━━━━━ Source material ━━━━━

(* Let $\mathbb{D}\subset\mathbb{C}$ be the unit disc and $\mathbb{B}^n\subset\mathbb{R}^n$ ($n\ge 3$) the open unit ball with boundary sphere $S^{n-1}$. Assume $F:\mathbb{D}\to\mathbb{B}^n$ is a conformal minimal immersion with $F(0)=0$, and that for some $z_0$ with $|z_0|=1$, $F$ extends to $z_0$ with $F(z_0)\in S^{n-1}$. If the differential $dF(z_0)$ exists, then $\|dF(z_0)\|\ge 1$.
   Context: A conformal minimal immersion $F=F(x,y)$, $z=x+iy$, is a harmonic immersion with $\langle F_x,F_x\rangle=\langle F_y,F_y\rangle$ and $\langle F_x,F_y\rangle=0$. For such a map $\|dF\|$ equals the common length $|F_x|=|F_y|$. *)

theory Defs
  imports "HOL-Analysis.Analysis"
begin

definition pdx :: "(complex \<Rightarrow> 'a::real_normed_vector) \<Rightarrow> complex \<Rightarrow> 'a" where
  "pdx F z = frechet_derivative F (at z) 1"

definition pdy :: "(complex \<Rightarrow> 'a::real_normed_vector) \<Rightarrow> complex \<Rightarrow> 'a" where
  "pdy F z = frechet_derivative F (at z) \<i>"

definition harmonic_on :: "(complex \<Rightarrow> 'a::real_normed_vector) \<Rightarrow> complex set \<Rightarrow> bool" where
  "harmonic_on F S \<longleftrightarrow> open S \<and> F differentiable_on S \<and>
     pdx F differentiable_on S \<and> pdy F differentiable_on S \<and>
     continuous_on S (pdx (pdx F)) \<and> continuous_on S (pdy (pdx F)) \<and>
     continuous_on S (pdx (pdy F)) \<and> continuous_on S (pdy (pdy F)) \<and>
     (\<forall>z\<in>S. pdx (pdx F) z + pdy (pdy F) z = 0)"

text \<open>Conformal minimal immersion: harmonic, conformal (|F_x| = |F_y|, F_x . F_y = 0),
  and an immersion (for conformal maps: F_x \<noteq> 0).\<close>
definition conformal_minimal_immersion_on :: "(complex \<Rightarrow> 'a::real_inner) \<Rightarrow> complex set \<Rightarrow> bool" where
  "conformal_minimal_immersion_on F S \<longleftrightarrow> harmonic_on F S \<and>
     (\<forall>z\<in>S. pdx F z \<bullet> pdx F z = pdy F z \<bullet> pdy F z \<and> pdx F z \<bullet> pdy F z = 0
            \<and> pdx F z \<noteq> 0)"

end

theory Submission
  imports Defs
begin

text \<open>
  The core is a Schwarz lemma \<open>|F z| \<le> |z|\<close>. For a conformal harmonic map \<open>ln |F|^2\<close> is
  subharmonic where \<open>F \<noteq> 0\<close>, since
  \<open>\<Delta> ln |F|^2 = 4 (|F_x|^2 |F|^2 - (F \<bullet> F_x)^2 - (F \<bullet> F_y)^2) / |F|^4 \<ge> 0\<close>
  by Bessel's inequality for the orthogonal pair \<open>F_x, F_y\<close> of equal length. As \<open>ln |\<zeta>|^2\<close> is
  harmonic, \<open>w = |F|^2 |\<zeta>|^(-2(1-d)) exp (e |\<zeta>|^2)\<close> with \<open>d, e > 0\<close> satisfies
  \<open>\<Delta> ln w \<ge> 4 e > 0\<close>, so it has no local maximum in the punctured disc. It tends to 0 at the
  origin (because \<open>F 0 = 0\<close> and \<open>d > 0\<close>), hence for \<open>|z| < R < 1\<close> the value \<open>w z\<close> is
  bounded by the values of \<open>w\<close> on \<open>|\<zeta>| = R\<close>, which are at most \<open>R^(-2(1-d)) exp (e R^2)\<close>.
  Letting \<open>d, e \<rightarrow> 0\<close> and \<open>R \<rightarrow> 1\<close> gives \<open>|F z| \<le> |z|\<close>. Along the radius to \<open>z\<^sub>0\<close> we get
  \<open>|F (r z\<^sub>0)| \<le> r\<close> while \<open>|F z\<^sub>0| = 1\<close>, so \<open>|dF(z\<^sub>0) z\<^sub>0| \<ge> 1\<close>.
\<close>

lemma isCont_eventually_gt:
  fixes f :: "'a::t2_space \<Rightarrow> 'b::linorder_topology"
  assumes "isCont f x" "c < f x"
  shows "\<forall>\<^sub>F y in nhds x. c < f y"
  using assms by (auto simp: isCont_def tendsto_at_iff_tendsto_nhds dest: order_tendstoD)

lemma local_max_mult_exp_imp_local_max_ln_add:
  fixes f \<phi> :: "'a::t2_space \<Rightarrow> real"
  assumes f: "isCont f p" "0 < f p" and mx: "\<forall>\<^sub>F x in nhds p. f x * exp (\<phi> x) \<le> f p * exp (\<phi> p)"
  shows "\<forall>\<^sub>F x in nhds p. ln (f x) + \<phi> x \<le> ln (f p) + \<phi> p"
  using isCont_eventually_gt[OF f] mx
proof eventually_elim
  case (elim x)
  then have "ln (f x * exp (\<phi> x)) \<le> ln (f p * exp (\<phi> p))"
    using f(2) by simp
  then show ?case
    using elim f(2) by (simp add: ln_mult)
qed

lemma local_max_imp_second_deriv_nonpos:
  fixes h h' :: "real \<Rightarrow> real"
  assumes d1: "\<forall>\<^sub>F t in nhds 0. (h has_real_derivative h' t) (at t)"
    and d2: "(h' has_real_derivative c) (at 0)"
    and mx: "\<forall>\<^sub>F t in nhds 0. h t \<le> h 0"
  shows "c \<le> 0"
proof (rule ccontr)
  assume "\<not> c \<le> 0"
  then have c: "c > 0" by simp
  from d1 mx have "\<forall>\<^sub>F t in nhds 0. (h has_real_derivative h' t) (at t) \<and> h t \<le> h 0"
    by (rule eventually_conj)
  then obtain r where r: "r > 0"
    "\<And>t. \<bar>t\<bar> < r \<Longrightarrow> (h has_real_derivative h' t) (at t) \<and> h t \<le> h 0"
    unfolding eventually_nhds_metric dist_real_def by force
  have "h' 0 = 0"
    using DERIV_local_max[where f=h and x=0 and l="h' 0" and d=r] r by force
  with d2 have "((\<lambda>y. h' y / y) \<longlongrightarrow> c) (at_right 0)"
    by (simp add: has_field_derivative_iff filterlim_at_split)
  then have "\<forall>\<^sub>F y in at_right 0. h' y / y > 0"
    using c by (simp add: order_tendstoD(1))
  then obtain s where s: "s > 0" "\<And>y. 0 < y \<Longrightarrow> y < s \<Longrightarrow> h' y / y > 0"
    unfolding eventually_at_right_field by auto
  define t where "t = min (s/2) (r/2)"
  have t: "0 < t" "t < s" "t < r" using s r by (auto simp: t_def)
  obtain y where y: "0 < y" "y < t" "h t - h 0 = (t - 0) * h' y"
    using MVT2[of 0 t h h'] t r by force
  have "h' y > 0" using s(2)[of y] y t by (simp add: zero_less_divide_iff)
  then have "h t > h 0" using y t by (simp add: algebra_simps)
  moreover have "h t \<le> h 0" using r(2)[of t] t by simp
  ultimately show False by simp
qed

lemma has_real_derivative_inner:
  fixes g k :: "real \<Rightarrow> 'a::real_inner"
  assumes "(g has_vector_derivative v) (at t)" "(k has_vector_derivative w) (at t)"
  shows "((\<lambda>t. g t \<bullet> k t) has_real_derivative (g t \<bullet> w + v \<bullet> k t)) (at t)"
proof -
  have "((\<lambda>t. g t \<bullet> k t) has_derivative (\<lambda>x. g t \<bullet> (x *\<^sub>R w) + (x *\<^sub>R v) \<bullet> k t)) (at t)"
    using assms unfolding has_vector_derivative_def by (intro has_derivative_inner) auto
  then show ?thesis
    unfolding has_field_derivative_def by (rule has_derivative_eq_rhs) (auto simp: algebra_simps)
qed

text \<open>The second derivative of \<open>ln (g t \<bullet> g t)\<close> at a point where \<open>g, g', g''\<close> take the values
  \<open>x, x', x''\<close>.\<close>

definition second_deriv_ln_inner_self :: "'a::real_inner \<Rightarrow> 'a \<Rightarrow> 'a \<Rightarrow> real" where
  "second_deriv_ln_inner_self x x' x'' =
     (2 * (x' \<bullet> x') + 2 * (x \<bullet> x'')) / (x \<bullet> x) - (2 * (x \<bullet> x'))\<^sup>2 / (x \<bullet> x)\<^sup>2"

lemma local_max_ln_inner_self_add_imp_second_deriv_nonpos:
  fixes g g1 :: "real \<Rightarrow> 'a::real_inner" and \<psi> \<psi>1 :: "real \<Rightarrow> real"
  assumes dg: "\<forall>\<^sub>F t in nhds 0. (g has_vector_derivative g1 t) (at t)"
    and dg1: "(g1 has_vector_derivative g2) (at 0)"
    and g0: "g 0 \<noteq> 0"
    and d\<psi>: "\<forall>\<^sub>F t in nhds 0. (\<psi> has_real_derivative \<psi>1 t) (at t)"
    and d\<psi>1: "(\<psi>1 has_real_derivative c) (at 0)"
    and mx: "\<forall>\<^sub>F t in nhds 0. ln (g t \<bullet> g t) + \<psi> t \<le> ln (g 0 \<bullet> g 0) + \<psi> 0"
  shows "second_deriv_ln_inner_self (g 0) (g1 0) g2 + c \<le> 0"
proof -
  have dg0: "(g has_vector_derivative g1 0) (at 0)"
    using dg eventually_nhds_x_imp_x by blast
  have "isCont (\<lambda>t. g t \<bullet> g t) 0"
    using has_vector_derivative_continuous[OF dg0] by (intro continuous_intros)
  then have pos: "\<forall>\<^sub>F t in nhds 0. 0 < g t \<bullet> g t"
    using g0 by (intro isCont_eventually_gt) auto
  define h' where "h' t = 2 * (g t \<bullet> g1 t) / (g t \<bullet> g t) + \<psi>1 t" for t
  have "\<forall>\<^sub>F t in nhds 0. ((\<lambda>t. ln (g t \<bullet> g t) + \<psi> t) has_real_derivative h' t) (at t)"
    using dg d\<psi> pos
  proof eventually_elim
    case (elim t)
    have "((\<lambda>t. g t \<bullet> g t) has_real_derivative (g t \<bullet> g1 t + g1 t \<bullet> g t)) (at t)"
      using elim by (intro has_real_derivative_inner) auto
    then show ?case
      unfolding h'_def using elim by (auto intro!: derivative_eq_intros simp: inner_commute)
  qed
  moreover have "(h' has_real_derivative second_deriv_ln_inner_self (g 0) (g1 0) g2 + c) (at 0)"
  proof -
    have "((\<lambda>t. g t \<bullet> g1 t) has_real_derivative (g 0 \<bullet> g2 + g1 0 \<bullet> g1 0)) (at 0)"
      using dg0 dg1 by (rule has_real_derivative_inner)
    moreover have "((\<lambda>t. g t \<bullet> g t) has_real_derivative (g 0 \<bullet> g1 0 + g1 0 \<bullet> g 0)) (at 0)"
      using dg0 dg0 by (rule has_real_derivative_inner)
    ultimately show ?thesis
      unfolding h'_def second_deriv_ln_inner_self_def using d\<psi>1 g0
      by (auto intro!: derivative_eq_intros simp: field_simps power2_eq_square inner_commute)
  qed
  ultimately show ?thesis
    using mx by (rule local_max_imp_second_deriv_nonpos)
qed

━━━━━
━━━━━ Source material ━━━━━

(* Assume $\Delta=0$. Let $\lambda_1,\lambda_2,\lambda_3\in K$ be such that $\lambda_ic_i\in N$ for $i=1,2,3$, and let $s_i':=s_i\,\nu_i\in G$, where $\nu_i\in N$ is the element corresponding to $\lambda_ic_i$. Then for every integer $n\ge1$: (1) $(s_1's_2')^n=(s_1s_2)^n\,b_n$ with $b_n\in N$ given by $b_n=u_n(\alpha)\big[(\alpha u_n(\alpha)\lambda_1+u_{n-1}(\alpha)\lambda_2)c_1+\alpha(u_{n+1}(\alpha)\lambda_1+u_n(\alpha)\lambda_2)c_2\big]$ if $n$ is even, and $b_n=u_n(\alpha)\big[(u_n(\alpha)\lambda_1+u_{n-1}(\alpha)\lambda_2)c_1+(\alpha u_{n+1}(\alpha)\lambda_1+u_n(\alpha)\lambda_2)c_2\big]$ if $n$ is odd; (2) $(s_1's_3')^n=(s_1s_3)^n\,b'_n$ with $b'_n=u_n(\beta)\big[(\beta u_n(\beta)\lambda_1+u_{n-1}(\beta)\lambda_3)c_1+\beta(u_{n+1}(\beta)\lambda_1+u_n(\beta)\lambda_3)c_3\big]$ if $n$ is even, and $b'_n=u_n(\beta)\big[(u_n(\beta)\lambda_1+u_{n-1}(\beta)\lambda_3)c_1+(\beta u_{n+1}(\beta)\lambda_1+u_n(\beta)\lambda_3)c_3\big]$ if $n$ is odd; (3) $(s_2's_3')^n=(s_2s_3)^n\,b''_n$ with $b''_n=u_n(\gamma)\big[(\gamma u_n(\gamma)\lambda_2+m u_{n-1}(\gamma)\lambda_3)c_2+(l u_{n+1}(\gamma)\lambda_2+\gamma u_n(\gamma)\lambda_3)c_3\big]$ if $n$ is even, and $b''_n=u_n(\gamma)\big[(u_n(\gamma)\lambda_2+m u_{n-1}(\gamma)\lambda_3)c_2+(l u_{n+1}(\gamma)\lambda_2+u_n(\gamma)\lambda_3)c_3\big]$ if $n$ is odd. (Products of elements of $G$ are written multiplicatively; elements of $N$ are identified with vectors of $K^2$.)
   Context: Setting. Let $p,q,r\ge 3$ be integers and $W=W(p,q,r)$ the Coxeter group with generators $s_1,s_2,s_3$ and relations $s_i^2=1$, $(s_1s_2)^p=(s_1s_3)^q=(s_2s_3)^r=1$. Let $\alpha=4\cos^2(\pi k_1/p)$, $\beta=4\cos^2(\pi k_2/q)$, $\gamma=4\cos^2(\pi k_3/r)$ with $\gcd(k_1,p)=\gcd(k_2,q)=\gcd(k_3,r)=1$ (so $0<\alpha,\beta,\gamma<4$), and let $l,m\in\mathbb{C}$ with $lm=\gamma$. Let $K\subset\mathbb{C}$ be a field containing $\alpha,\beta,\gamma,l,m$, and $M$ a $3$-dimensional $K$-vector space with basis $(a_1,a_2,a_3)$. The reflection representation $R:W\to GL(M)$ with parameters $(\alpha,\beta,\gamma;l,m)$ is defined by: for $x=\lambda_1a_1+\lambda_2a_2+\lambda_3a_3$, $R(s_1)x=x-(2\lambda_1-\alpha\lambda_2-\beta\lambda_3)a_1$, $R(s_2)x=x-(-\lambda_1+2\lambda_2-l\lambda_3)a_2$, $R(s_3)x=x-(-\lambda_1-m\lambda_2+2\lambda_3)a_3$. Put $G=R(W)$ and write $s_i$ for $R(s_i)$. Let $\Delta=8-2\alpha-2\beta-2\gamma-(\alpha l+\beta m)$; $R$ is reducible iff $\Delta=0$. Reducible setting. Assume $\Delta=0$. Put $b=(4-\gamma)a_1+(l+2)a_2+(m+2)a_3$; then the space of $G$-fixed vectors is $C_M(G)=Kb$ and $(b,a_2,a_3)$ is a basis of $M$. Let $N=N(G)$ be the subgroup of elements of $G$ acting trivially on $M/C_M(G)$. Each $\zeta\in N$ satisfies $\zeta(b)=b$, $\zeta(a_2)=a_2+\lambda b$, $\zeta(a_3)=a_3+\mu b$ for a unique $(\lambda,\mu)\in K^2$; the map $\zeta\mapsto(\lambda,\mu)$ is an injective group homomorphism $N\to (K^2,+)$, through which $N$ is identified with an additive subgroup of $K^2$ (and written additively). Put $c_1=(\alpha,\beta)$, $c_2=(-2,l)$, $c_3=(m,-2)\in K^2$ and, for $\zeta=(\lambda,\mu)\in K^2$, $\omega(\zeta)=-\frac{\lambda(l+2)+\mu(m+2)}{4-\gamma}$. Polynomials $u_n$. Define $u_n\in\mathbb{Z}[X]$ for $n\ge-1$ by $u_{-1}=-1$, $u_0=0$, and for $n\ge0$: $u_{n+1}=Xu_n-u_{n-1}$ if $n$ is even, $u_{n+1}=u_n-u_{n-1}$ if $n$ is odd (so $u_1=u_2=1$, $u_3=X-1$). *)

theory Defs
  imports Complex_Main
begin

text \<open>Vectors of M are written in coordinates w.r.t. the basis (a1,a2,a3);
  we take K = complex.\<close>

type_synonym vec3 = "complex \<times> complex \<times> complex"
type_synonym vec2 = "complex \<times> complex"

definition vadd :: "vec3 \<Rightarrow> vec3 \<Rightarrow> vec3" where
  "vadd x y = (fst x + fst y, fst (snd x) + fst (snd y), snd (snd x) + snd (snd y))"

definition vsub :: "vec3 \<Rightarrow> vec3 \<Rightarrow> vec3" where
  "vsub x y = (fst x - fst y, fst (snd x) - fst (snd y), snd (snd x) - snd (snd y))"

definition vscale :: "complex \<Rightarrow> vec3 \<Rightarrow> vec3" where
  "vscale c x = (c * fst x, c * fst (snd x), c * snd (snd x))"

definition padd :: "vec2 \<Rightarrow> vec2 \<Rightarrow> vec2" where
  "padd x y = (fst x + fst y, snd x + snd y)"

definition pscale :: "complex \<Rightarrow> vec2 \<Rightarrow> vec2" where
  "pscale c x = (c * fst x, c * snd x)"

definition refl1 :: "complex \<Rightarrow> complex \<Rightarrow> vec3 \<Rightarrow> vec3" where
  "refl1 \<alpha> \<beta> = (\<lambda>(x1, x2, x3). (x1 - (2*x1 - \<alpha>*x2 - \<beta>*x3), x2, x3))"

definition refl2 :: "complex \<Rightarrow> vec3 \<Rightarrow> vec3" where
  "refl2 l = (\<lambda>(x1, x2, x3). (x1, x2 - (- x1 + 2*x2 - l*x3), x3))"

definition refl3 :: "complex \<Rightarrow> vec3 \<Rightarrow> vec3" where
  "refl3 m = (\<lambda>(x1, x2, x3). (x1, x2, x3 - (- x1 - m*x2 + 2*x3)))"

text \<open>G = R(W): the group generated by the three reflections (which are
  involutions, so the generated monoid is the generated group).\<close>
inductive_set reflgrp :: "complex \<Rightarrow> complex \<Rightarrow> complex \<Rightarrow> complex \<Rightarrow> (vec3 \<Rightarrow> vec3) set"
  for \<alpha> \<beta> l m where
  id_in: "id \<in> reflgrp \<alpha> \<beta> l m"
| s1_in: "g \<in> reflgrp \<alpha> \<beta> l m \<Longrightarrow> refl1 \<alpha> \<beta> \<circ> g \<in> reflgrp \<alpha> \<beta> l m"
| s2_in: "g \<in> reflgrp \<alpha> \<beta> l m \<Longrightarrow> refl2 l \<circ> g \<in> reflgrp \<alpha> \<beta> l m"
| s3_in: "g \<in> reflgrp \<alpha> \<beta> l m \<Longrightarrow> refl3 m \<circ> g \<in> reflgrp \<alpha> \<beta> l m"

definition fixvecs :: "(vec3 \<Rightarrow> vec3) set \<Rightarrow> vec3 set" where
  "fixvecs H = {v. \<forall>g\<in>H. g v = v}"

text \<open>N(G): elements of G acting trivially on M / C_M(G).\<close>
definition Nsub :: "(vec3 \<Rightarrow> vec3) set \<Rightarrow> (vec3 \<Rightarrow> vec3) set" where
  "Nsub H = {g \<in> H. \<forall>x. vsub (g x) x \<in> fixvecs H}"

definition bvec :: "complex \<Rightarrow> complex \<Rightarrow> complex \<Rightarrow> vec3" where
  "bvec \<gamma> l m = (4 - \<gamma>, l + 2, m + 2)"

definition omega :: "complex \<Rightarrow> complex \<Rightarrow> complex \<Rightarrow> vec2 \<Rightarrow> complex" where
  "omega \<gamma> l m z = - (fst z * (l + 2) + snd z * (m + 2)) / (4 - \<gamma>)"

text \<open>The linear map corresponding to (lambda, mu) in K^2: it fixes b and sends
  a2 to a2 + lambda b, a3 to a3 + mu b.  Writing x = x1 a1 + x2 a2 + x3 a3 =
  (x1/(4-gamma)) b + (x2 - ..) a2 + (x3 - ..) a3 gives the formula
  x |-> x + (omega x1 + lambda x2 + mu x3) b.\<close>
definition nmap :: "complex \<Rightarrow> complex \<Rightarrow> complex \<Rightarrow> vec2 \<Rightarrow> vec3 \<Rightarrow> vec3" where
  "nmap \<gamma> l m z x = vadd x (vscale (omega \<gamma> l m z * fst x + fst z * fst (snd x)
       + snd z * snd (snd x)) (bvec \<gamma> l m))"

━━━━━
━━━━━ Source material ━━━━━

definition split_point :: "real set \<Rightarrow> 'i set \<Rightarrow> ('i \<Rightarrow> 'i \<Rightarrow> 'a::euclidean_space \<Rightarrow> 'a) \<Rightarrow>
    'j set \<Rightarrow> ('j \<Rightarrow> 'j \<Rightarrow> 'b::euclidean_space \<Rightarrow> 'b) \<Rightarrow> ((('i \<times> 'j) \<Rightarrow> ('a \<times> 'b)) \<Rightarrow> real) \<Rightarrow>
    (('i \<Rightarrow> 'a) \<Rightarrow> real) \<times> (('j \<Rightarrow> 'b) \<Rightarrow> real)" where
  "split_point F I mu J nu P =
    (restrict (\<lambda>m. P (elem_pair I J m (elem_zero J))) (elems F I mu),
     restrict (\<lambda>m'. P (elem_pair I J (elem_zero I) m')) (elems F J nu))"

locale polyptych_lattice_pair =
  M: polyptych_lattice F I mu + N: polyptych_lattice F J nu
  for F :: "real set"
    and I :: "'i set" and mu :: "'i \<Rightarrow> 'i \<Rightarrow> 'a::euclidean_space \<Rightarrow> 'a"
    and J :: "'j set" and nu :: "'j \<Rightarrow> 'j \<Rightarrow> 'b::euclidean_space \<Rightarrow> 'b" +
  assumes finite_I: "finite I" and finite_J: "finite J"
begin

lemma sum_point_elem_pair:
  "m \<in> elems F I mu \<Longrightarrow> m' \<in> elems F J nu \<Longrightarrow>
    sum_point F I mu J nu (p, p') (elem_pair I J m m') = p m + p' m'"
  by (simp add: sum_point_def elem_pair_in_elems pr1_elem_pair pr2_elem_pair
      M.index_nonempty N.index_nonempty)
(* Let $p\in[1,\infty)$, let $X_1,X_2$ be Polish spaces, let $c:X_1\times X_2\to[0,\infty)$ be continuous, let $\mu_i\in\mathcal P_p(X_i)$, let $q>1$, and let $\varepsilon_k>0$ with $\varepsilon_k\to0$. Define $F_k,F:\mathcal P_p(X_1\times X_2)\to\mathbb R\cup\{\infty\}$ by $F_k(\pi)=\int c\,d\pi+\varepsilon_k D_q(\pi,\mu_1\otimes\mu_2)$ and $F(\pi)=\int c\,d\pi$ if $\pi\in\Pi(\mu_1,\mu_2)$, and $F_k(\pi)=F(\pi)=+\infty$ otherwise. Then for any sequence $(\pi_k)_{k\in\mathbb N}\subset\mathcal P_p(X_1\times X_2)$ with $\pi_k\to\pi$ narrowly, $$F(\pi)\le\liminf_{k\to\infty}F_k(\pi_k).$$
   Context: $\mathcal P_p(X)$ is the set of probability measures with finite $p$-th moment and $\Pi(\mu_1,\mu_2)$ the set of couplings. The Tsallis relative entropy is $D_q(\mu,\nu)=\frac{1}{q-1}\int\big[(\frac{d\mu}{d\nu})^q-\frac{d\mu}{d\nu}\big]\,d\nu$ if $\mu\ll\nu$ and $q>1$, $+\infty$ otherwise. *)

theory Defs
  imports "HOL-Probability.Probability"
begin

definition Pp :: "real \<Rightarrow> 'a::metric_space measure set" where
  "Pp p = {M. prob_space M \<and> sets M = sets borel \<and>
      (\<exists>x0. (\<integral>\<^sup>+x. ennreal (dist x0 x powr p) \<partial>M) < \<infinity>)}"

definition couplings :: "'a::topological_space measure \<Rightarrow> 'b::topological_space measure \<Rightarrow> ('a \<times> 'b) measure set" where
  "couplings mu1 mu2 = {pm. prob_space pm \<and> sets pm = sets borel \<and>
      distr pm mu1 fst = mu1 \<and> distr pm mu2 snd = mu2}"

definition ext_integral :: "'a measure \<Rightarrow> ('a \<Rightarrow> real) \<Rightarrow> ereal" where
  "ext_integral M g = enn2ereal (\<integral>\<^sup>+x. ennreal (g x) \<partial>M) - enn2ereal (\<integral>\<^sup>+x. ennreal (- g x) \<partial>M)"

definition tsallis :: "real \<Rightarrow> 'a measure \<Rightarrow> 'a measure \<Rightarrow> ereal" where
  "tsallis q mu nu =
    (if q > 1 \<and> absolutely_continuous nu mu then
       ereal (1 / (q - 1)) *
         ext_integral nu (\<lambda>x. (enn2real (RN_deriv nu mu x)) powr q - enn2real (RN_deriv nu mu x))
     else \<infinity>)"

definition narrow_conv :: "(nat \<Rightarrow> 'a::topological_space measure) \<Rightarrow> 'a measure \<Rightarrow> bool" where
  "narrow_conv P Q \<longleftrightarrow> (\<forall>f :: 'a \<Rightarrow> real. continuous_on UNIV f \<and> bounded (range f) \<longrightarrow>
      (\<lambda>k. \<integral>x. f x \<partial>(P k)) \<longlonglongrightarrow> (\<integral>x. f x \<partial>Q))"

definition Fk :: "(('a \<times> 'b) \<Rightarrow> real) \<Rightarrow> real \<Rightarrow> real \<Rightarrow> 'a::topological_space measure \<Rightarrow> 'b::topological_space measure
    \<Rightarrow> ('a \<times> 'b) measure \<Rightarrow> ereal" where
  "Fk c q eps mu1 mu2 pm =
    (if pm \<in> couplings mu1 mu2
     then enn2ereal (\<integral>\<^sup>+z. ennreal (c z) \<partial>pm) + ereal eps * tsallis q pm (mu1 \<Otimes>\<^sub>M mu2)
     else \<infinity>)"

━━━━━

- **Exercise description**
Look through the records for the string "length". Copy every line that has it.

- **Answer box**
   Context: A conformal minimal immersion $F=F(x,y)$, $z=x+iy$, is a harmonic immersion with $\langle F_x,F_x\rangle=\langle F_y,F_y\rangle$ and $\langle F_x,F_y\rangle=0$. For such a map $\|dF\|$ equals the common length $|F_x|=|F_y|$. *)
  by Bessel's inequality for the orthogonal pair \<open>F_x, F_y\<close> of equal length. As \<open>ln |\<zeta>|^2\<close> is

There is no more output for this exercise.